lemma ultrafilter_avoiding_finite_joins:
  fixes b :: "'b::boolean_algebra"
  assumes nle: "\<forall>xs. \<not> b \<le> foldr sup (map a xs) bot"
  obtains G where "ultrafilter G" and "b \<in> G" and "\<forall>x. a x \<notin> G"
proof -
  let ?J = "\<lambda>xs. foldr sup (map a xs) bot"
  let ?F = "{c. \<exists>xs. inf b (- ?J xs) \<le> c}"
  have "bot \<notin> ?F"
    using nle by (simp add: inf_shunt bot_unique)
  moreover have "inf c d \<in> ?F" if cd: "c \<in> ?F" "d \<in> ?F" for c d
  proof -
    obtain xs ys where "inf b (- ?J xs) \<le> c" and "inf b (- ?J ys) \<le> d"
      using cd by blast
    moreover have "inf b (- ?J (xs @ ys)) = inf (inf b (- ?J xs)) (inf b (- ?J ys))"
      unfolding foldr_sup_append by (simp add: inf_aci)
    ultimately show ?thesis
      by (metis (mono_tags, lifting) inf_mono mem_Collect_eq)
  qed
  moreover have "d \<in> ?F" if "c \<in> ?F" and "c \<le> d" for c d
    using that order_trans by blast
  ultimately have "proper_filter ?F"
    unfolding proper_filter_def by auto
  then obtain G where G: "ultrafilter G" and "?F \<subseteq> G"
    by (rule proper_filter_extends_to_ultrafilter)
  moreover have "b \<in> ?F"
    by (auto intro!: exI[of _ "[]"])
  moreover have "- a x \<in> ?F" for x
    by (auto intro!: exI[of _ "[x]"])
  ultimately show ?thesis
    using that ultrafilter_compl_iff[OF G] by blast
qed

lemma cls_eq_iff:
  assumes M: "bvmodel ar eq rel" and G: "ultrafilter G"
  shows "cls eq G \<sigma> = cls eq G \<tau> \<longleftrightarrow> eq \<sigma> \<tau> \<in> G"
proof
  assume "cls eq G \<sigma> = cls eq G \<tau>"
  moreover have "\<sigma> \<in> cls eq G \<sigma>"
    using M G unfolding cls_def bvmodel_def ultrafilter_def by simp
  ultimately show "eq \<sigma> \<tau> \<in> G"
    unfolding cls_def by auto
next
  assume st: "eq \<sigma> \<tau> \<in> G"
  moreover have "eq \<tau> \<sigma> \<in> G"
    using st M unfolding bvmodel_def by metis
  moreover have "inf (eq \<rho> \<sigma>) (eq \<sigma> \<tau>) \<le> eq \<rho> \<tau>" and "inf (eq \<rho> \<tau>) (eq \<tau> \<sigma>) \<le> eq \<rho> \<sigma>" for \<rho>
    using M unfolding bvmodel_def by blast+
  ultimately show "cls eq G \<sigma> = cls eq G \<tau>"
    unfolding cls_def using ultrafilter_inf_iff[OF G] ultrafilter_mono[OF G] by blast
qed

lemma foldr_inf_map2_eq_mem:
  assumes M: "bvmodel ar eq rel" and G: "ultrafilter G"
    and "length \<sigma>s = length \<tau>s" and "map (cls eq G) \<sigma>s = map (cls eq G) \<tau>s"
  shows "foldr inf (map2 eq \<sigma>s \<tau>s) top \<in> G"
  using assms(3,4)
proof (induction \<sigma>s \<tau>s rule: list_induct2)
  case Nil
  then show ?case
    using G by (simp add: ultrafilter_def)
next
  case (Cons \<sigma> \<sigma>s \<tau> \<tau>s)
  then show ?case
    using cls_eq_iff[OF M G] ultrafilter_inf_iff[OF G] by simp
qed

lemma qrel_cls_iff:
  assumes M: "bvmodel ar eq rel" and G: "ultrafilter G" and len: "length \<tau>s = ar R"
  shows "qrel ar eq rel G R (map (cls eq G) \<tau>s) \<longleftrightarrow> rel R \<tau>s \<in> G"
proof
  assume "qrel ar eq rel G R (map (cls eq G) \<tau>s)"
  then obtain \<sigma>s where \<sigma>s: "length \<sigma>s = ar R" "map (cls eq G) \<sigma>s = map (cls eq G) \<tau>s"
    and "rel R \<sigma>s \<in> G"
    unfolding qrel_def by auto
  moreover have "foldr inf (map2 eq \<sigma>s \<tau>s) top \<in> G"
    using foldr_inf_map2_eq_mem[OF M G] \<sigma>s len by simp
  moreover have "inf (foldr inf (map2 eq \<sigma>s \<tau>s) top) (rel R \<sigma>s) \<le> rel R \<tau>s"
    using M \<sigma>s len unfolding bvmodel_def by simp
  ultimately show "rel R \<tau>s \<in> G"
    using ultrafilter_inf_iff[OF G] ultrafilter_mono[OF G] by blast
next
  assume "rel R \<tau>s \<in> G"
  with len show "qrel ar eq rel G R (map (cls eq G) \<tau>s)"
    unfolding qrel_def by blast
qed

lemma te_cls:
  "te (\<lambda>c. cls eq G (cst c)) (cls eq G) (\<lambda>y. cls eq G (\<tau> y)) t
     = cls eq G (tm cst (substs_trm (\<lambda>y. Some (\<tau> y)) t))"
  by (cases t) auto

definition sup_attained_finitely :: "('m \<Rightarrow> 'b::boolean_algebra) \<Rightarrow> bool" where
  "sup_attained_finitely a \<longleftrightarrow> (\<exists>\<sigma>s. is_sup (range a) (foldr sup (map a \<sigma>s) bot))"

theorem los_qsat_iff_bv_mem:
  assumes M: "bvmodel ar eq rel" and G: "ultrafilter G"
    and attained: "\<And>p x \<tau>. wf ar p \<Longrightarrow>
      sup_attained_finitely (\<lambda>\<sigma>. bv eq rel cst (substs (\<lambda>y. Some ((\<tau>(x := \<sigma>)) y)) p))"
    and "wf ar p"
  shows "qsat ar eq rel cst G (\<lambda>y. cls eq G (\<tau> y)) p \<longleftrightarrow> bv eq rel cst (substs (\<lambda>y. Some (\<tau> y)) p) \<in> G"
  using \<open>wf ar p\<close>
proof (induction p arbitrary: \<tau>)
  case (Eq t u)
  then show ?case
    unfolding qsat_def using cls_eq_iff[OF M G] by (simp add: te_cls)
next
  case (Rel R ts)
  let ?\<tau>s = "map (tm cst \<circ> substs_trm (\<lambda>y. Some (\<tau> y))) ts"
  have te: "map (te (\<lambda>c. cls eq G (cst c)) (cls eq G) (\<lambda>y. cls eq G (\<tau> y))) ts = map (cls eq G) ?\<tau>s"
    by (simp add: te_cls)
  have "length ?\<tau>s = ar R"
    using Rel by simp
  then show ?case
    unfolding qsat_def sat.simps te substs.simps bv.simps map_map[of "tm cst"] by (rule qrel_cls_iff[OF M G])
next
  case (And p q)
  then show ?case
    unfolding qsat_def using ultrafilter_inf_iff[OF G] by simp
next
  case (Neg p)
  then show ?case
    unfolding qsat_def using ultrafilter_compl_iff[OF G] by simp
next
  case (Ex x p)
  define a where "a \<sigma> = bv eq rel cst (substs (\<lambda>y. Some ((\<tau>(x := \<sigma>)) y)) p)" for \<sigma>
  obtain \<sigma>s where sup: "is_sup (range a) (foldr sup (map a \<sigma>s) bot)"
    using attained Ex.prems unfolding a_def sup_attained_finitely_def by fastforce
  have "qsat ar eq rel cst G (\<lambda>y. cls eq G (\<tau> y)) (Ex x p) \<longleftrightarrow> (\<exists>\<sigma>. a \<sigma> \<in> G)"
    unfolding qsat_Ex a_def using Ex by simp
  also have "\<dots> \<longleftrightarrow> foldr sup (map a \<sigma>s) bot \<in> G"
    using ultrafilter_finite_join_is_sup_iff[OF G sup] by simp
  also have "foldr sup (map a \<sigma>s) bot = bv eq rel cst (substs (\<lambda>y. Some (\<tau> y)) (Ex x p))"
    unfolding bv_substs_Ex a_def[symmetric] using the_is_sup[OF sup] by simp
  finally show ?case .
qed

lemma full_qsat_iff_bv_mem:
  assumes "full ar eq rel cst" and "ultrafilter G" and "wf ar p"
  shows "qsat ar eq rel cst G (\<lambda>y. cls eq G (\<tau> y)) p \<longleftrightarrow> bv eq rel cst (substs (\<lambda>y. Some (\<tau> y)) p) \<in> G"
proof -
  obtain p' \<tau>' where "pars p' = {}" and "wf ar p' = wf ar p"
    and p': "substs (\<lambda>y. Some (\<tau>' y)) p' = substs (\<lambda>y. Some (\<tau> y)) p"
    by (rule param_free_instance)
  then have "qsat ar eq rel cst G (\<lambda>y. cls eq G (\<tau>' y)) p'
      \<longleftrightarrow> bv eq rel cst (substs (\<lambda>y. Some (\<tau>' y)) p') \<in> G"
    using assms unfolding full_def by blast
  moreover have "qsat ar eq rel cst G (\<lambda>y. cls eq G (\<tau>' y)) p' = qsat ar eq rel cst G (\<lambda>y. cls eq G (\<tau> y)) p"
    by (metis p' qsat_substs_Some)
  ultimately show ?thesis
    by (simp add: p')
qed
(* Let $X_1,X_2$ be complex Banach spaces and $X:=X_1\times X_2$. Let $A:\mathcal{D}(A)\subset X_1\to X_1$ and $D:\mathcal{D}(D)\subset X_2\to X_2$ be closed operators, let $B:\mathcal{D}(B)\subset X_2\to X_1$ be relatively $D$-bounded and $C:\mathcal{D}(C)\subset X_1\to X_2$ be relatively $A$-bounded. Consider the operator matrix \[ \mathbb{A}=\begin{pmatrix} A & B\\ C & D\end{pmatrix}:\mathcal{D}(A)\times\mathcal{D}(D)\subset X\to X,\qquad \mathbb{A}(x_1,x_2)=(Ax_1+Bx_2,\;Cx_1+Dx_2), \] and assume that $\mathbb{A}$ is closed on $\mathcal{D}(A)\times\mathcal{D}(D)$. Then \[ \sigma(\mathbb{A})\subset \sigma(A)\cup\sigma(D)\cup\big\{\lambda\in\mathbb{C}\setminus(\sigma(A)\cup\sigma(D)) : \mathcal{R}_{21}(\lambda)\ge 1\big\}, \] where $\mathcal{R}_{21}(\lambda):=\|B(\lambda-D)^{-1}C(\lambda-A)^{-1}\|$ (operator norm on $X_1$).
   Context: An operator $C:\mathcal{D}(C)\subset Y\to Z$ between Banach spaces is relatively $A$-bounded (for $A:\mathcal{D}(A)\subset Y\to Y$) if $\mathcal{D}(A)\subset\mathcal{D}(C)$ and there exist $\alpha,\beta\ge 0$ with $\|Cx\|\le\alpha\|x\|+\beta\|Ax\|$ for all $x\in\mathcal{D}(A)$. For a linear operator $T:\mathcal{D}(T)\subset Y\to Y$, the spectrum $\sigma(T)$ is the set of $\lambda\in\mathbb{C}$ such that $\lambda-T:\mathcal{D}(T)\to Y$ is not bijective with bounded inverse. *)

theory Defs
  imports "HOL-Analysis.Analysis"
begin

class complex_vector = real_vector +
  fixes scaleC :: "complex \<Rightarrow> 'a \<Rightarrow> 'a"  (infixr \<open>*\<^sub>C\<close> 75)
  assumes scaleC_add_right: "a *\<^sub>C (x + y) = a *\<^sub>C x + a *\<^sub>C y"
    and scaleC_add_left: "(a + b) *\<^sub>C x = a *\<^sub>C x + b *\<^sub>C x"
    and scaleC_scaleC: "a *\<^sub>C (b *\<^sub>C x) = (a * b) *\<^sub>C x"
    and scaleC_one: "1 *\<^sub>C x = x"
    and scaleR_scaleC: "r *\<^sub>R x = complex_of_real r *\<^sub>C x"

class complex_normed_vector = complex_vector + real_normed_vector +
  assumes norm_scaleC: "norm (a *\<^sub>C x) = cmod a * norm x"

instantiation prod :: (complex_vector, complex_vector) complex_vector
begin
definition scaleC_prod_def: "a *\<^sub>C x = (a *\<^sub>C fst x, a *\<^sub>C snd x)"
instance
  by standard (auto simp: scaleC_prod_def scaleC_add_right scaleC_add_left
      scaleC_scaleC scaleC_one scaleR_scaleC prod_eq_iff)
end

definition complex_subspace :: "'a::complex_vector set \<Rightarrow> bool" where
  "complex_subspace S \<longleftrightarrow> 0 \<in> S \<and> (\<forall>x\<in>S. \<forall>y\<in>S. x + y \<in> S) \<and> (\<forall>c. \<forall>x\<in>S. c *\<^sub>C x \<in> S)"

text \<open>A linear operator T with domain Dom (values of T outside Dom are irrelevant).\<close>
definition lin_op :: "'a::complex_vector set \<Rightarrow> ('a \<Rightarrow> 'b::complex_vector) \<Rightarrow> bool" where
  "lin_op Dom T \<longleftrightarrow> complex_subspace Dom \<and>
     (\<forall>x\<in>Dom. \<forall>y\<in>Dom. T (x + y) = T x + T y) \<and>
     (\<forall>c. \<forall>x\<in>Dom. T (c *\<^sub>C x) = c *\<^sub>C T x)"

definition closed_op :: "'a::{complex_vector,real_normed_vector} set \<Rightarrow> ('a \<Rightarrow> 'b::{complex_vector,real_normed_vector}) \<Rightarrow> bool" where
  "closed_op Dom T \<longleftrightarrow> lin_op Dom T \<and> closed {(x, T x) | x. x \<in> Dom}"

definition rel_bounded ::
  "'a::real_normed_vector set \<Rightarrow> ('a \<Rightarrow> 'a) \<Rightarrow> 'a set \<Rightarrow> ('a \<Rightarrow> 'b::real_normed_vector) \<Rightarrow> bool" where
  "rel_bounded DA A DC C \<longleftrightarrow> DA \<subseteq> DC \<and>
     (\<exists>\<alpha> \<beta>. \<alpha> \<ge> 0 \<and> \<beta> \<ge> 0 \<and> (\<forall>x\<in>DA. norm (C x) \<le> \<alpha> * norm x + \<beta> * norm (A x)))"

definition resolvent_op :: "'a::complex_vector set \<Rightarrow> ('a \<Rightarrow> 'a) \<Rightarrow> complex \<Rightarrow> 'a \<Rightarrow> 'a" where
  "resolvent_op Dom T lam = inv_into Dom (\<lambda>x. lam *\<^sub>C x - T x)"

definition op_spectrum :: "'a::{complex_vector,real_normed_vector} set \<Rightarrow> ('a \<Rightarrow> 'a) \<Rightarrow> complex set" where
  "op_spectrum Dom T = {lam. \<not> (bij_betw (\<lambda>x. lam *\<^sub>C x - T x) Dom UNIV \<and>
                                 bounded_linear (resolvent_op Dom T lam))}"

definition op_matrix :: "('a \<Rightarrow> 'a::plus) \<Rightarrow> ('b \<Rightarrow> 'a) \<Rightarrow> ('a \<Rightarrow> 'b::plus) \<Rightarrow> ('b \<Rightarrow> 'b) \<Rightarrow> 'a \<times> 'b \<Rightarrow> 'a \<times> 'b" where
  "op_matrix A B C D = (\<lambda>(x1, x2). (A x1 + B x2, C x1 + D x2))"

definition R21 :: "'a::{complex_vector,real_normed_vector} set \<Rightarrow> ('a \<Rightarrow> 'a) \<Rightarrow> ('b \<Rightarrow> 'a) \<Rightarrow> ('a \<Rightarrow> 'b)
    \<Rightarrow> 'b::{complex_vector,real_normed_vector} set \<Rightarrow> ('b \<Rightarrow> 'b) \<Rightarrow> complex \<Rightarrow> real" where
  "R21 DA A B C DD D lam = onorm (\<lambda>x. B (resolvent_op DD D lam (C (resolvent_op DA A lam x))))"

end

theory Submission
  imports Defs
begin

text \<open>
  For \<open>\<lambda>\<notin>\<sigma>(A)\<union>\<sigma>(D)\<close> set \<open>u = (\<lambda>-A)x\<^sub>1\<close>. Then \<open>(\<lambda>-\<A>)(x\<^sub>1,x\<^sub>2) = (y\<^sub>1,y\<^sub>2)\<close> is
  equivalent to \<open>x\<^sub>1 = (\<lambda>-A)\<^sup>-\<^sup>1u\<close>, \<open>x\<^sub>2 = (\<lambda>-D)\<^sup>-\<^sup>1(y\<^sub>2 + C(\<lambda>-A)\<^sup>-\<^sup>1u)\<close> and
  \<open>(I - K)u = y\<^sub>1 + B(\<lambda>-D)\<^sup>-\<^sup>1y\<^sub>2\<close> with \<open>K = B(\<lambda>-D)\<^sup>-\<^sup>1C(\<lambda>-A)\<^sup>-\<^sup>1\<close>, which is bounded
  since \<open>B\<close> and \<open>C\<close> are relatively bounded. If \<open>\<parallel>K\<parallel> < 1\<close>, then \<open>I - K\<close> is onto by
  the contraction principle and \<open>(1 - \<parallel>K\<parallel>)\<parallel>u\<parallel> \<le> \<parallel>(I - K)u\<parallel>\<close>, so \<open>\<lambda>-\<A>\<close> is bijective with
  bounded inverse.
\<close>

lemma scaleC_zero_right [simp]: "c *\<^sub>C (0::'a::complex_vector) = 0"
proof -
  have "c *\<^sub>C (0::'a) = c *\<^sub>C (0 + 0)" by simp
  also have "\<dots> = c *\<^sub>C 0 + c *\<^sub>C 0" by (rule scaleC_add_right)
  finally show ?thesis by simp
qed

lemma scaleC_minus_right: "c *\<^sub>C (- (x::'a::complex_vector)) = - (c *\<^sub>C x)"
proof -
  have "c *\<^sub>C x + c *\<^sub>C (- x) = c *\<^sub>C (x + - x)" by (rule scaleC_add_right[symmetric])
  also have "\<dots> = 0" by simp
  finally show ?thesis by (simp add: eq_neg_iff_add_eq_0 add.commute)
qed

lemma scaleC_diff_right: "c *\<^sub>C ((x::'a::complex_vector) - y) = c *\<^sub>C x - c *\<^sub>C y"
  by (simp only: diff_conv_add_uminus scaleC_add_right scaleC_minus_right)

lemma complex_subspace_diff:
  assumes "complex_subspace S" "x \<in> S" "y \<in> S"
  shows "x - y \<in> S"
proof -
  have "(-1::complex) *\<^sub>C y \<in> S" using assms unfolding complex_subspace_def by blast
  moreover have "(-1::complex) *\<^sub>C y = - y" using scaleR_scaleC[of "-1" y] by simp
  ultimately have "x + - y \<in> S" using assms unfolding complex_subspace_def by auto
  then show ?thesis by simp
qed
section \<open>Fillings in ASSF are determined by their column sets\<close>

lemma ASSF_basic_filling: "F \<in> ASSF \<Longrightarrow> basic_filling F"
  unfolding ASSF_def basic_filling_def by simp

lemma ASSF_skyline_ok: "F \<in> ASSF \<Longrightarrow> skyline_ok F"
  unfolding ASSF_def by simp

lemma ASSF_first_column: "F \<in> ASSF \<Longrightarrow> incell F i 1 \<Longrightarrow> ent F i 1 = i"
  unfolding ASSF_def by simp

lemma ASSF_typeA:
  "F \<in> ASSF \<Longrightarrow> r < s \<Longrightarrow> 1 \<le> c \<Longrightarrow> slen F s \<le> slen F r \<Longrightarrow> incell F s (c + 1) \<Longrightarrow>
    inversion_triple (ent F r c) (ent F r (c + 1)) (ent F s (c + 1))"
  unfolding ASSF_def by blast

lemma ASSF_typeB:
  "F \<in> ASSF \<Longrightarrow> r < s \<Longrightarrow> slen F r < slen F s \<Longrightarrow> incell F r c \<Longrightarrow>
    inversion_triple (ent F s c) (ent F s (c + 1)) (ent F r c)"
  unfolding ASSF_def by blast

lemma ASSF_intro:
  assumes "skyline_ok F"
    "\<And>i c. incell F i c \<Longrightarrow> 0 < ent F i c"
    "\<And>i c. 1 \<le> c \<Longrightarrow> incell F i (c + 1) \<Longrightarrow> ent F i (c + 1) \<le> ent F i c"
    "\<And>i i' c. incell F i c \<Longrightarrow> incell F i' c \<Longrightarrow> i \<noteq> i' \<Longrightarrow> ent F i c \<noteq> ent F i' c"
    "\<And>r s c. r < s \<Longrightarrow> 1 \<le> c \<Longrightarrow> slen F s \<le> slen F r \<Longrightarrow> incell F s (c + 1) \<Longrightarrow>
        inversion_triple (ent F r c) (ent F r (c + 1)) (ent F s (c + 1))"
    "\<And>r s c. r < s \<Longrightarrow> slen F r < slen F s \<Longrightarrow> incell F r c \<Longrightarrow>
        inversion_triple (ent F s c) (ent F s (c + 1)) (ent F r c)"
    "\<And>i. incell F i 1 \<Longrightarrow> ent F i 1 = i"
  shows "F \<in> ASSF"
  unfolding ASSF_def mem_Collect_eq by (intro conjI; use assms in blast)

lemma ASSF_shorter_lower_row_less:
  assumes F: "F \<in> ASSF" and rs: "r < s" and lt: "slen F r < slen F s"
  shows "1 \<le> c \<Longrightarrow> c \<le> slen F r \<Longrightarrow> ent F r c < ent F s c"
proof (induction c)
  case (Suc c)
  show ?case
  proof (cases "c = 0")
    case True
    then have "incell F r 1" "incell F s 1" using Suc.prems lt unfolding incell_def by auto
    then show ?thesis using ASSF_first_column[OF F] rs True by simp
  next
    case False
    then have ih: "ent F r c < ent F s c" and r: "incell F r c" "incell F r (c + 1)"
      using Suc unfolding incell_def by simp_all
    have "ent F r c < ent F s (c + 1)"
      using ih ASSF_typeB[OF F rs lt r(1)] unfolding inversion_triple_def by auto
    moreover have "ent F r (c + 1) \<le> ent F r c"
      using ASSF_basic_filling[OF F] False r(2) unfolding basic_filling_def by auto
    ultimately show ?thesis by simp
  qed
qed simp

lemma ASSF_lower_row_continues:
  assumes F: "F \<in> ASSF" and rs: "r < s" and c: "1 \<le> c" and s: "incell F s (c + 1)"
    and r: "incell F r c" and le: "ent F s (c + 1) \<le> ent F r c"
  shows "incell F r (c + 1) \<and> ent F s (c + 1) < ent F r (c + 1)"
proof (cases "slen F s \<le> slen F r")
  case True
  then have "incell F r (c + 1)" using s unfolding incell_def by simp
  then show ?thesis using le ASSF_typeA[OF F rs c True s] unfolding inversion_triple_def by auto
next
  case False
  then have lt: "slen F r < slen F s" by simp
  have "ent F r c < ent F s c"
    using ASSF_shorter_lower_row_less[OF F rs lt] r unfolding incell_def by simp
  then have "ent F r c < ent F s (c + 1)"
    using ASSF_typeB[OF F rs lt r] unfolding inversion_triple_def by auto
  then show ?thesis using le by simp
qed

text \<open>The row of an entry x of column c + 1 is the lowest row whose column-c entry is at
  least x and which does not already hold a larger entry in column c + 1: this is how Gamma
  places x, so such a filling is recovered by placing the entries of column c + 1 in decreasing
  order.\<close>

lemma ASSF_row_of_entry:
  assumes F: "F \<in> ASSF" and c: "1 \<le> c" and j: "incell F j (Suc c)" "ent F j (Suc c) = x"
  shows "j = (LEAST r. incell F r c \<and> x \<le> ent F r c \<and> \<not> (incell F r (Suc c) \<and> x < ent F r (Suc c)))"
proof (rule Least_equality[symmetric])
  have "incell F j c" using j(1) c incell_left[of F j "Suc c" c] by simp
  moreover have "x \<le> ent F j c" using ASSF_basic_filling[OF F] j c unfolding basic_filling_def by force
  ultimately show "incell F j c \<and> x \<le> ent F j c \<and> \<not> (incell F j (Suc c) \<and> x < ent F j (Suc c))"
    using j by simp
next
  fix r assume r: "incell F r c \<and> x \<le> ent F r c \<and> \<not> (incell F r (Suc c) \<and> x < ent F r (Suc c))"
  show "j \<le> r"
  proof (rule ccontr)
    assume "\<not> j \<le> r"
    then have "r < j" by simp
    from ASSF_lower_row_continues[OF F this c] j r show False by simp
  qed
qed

> _Your objective_
Copy the stretch of the records above that runs from the line with "('a \<Rightarrow> 'b::plus)" through the line with "('a \<Rightarrow> 'b)". Both end lines belong in the copy, and nothing else does.

> _Your solution_
definition op_matrix :: "('a \<Rightarrow> 'a::plus) \<Rightarrow> ('b \<Rightarrow> 'a) \<Rightarrow> ('a \<Rightarrow> 'b::plus) \<Rightarrow> ('b \<Rightarrow> 'b) \<Rightarrow> 'a \<times> 'b \<Rightarrow> 'a \<times> 'b" where
  "op_matrix A B C D = (\<lambda>(x1, x2). (A x1 + B x2, C x1 + D x2))"

definition R21 :: "'a::{complex_vector,real_normed_vector} set \<Rightarrow> ('a \<Rightarrow> 'a) \<Rightarrow> ('b \<Rightarrow> 'a) \<Rightarrow> ('a \<Rightarrow> 'b)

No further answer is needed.